EXERCISE AIM:
Scan the records that follow, and whenever a line has the word "metis", copy it.

INPUT RECORDS:
== Segment start ==

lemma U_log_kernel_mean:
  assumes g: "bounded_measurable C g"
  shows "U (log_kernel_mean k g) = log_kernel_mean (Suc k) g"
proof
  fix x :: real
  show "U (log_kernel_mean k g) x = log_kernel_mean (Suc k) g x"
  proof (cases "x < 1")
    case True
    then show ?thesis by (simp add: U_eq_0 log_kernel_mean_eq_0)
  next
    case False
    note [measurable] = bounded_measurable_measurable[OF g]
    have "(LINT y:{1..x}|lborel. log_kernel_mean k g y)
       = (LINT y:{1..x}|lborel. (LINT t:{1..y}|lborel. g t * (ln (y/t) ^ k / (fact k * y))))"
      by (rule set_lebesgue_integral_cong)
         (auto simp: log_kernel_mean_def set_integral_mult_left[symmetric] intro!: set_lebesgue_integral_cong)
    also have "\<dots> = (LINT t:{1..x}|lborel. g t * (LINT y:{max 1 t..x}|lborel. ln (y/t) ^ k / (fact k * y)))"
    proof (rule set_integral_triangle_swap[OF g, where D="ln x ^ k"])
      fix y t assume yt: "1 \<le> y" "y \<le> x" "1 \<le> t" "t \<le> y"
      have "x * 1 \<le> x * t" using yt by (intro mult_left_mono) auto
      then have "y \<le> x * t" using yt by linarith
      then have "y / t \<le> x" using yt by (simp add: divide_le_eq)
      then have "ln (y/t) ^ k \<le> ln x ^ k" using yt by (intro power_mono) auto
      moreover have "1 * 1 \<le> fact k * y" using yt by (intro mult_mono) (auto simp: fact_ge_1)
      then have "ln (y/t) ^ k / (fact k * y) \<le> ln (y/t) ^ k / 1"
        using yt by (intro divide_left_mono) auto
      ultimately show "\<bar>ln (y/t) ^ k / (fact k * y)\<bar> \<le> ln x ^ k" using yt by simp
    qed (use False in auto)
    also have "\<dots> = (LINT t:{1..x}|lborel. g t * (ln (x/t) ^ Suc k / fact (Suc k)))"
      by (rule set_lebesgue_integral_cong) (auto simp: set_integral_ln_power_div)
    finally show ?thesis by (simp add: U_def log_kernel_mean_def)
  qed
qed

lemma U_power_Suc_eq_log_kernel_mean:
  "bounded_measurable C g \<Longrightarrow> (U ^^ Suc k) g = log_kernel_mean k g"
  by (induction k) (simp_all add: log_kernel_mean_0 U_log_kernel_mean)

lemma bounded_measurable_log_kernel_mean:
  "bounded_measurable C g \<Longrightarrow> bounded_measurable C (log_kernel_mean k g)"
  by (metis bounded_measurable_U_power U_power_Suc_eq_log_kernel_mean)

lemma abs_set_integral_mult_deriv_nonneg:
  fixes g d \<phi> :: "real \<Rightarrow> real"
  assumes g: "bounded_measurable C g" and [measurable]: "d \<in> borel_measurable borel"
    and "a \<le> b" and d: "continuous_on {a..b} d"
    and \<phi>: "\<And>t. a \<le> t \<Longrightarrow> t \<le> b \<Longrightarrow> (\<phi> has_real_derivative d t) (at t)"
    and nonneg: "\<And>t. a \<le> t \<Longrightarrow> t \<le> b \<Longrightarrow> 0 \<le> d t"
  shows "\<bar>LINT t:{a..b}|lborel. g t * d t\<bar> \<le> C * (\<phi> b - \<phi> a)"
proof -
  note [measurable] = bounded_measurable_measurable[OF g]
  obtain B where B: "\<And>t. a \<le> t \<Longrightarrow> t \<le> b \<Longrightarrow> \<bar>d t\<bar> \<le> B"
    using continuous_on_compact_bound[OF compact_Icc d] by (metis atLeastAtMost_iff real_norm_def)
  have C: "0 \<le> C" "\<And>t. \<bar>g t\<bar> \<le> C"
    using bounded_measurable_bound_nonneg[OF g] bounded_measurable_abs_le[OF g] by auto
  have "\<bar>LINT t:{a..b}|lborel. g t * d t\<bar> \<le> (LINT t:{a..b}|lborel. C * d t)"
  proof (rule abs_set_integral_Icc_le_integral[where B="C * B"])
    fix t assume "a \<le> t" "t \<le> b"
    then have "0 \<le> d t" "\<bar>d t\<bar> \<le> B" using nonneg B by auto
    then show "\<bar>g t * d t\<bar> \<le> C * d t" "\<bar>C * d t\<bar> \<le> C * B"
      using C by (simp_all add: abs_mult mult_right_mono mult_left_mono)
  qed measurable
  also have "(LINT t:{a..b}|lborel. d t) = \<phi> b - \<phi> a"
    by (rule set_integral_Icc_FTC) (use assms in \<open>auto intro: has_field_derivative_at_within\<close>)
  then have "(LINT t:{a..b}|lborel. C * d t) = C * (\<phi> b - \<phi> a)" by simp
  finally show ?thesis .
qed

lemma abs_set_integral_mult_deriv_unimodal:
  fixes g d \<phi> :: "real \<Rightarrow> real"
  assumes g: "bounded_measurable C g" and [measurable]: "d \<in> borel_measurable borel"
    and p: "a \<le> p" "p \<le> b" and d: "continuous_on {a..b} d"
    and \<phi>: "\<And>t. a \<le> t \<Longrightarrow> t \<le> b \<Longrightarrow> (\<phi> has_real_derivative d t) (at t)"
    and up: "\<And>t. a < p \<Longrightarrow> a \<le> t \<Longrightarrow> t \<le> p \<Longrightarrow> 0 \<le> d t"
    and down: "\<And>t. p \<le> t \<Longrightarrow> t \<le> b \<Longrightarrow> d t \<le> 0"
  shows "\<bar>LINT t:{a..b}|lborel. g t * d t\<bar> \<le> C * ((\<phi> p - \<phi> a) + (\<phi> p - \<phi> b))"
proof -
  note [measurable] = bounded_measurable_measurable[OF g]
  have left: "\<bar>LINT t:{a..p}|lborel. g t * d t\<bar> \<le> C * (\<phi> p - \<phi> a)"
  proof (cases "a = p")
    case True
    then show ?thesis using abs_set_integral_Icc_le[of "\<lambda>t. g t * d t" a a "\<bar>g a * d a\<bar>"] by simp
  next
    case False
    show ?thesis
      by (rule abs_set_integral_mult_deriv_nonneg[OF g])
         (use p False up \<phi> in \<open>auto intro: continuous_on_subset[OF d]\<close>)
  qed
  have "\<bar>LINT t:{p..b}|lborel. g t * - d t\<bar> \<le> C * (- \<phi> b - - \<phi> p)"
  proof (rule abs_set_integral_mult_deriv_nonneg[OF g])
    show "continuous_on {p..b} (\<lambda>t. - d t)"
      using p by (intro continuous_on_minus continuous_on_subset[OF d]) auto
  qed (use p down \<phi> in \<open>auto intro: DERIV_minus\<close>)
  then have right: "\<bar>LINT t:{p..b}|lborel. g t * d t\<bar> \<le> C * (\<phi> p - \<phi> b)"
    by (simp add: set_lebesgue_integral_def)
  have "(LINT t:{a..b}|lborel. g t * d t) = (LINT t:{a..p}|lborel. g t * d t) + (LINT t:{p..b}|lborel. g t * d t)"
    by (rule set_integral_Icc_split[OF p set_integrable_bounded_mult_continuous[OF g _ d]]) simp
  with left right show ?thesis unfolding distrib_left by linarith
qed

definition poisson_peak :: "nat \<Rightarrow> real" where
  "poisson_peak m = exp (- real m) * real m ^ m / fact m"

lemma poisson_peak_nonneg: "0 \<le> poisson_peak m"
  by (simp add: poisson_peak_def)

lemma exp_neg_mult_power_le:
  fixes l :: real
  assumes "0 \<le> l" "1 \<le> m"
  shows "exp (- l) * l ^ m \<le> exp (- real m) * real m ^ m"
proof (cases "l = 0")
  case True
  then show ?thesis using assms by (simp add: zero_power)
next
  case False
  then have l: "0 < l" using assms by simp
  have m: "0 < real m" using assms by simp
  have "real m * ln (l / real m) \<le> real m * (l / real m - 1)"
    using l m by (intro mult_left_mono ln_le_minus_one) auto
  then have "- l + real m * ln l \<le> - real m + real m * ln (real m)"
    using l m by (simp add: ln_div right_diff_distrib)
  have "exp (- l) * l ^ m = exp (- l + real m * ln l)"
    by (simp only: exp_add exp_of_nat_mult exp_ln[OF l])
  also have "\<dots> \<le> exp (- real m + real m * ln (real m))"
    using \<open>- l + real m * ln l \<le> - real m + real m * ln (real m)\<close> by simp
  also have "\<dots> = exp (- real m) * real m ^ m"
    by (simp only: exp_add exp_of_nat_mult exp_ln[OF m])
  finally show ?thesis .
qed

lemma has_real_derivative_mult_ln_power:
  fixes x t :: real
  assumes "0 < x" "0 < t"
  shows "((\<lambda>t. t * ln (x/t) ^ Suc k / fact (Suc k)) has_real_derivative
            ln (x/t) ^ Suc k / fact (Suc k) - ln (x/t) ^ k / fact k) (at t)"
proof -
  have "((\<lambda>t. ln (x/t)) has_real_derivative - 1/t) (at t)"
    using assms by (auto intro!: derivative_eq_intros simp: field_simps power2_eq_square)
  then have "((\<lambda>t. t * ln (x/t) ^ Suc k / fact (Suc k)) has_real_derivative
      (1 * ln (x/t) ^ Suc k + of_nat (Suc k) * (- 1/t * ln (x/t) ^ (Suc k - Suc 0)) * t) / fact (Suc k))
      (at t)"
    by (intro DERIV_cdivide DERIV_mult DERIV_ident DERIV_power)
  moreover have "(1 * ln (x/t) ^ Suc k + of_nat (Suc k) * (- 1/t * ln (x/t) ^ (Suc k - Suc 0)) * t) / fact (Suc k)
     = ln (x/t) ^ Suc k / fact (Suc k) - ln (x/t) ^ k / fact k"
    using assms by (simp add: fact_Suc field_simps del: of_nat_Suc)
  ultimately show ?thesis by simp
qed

== Segment end ==
== Segment start ==

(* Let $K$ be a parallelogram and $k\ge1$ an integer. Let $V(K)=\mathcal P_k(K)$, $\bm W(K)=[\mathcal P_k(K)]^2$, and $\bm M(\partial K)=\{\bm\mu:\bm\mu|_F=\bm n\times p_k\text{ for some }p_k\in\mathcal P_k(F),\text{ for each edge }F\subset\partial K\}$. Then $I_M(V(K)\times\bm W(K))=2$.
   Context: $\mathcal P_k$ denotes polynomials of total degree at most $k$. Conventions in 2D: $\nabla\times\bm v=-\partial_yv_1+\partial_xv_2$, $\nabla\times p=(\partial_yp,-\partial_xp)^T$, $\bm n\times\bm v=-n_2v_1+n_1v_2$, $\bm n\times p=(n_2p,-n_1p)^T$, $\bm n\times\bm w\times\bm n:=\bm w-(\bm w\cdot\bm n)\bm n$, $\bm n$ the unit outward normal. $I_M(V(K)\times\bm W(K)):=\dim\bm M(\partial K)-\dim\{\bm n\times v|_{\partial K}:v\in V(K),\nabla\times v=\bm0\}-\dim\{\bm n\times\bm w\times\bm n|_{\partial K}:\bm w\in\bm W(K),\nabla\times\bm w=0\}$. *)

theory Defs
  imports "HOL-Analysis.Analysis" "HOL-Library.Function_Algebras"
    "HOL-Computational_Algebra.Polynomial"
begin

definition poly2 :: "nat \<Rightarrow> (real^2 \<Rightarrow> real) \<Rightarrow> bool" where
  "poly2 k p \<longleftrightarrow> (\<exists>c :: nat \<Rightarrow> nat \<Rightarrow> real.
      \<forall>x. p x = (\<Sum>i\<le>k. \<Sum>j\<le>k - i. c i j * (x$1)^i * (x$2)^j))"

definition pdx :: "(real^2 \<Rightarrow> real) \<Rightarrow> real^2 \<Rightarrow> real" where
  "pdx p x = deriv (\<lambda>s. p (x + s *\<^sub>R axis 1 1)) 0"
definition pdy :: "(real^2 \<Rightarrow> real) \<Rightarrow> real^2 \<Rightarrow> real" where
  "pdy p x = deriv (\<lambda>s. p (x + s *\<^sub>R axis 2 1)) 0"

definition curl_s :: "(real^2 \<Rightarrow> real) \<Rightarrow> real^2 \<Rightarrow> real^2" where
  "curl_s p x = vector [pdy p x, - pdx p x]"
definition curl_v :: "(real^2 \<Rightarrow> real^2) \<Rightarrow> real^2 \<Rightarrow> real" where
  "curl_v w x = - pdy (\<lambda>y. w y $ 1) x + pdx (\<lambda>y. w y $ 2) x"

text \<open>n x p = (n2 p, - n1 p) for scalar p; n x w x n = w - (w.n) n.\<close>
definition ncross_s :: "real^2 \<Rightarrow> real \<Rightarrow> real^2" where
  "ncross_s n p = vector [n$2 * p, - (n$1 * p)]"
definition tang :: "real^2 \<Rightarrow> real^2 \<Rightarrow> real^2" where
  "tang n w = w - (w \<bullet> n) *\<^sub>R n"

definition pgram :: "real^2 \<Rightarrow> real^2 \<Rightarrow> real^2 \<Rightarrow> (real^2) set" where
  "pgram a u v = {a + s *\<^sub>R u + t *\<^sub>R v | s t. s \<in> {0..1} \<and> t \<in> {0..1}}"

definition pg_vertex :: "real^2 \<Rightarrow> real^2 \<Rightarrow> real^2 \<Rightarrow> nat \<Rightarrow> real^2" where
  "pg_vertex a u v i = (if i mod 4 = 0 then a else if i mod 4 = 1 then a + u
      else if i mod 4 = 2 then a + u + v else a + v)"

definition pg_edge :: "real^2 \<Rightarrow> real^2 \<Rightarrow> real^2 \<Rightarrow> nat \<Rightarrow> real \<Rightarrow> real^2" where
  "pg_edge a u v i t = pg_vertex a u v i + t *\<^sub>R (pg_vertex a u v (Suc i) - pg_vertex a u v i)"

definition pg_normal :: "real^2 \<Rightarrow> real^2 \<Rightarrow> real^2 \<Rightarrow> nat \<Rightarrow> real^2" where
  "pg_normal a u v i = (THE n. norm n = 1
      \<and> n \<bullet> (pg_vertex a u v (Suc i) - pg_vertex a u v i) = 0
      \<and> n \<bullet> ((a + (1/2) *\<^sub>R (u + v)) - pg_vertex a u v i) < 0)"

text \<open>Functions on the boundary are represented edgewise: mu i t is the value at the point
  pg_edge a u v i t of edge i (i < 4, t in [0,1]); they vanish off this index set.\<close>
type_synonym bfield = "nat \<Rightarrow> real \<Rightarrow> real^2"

== Segment end ==
== Segment start ==

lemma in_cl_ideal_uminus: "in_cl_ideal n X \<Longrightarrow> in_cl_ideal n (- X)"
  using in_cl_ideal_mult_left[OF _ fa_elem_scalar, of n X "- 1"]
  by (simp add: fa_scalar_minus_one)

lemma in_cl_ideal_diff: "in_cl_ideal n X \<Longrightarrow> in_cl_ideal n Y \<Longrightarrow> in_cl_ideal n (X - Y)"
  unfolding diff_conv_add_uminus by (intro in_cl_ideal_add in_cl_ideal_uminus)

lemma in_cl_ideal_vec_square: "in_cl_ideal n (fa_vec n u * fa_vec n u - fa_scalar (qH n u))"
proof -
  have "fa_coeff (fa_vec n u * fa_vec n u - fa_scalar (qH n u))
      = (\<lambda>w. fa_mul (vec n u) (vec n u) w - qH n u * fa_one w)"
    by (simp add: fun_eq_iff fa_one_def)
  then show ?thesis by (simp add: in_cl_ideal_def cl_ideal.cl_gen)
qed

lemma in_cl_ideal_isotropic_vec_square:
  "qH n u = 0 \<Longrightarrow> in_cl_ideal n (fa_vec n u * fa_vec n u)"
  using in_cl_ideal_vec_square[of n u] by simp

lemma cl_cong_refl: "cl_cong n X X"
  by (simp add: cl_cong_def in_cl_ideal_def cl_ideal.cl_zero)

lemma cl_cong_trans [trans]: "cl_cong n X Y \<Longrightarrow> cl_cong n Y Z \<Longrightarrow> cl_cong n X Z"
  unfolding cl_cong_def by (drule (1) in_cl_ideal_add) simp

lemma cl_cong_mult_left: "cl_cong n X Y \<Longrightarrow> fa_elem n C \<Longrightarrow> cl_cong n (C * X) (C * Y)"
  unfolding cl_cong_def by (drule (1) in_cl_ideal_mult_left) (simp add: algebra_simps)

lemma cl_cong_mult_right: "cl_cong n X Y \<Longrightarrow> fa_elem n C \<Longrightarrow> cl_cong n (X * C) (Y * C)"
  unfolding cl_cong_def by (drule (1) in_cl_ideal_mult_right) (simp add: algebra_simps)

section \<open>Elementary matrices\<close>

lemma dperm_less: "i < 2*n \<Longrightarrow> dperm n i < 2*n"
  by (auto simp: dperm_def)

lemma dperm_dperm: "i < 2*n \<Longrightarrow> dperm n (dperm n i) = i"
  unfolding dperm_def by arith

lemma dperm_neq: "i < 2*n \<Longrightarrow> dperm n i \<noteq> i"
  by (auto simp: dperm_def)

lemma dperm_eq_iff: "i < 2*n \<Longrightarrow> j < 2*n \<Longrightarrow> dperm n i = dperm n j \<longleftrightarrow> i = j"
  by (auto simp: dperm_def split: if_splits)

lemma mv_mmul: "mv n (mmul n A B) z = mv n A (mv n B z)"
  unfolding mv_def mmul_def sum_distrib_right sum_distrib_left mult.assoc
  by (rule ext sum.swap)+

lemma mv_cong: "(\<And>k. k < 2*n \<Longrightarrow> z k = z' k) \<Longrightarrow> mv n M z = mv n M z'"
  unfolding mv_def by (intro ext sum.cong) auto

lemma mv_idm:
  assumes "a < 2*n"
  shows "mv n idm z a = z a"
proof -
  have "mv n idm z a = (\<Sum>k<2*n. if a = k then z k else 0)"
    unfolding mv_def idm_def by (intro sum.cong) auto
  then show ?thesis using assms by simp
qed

== Segment end ==

RESPONSE TO THIS EXERCISE:
  by (metis bounded_measurable_U_power U_power_Suc_eq_log_kernel_mean)
    using continuous_on_compact_bound[OF compact_Icc d] by (metis atLeastAtMost_iff real_norm_def)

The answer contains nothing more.